**** Records

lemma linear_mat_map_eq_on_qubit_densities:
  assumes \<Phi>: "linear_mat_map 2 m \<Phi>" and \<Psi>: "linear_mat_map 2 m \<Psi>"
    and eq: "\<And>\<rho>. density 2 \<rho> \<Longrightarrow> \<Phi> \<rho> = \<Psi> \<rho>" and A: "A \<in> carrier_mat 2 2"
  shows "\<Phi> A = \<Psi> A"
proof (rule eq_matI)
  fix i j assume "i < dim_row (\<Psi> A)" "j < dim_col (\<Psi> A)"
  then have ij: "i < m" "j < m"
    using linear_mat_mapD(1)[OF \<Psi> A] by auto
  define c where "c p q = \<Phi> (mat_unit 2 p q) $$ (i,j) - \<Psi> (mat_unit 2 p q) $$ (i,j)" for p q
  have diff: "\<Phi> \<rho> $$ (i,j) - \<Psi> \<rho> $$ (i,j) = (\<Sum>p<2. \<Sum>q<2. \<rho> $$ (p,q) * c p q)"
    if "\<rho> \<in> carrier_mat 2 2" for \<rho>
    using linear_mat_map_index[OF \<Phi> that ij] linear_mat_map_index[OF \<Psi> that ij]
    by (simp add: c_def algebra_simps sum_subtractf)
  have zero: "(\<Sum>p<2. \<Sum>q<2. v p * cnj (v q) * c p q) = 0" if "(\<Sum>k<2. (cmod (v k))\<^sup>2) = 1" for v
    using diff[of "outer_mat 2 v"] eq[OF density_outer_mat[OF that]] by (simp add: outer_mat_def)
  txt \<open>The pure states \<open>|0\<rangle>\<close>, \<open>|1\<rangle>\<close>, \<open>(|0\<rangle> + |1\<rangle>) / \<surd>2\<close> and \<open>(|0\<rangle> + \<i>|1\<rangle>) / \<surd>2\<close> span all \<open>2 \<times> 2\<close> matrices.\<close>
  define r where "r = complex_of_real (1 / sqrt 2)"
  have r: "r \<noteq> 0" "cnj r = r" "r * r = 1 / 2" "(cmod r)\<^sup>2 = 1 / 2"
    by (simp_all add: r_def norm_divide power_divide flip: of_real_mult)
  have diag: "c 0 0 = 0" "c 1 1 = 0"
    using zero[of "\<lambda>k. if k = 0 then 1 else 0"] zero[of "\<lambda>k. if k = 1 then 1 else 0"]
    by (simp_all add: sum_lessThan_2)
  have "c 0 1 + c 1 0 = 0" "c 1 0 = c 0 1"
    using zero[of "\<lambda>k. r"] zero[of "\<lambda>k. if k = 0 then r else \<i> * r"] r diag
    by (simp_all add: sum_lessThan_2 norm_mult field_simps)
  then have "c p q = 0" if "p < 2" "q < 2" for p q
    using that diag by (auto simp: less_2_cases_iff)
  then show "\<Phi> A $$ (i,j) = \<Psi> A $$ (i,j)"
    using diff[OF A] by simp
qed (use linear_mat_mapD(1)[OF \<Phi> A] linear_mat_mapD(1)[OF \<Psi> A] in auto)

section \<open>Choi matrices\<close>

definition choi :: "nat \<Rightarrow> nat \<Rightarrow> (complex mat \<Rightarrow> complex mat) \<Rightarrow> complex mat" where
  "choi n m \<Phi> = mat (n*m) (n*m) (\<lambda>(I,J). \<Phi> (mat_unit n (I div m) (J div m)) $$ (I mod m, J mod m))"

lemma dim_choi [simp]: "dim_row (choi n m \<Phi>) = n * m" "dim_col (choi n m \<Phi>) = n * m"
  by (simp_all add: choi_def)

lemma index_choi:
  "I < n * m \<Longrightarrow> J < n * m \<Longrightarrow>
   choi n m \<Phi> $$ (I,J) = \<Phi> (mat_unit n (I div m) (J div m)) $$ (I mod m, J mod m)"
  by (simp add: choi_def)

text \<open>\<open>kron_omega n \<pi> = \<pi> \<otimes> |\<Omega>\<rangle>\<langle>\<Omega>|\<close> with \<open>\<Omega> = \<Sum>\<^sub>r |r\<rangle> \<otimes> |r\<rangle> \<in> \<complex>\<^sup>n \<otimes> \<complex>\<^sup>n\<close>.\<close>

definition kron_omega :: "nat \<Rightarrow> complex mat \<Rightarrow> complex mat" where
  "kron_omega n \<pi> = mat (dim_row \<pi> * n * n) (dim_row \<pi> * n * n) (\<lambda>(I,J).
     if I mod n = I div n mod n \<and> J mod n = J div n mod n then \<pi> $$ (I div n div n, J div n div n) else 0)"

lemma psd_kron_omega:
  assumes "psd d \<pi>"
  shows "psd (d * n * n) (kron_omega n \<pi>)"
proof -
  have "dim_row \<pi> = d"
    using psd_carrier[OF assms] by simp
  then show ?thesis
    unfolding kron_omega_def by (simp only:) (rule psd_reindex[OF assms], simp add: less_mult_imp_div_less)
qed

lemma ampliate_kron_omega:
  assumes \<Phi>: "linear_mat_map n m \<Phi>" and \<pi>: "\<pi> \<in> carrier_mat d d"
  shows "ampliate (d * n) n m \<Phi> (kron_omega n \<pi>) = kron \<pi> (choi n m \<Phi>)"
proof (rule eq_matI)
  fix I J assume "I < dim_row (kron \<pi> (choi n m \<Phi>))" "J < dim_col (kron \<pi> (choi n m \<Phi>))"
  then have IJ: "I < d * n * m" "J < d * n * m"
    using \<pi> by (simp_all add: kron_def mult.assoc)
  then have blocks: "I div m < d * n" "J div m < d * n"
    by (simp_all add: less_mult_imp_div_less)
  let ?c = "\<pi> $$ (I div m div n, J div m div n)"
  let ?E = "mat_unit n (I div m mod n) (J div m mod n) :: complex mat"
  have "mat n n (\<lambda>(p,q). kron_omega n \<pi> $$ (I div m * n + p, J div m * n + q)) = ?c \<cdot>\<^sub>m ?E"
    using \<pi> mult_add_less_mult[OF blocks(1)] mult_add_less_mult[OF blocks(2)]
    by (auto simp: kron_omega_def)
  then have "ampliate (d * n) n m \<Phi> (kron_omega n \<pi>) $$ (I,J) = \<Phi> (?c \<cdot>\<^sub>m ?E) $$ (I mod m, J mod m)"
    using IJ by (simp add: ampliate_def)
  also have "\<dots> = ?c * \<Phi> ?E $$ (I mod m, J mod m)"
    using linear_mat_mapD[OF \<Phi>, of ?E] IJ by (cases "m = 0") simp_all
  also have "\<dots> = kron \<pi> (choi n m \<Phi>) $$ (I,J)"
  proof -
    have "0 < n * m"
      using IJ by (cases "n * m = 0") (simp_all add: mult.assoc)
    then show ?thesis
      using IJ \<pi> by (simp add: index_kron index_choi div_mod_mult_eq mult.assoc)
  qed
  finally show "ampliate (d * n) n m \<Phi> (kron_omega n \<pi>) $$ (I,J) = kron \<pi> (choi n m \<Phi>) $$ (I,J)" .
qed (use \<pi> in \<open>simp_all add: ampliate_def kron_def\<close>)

********

**Instructions for the task**
Retype only this portion of the data above: the line containing "by (simp add: c_def", the line containing "(cmod (v k))\<^sup>2)", and all lines between them, exactly.

**Solution**
    by (simp add: c_def algebra_simps sum_subtractf)
  have zero: "(\<Sum>p<2. \<Sum>q<2. v p * cnj (v q) * c p q) = 0" if "(\<Sum>k<2. (cmod (v k))\<^sup>2) = 1" for v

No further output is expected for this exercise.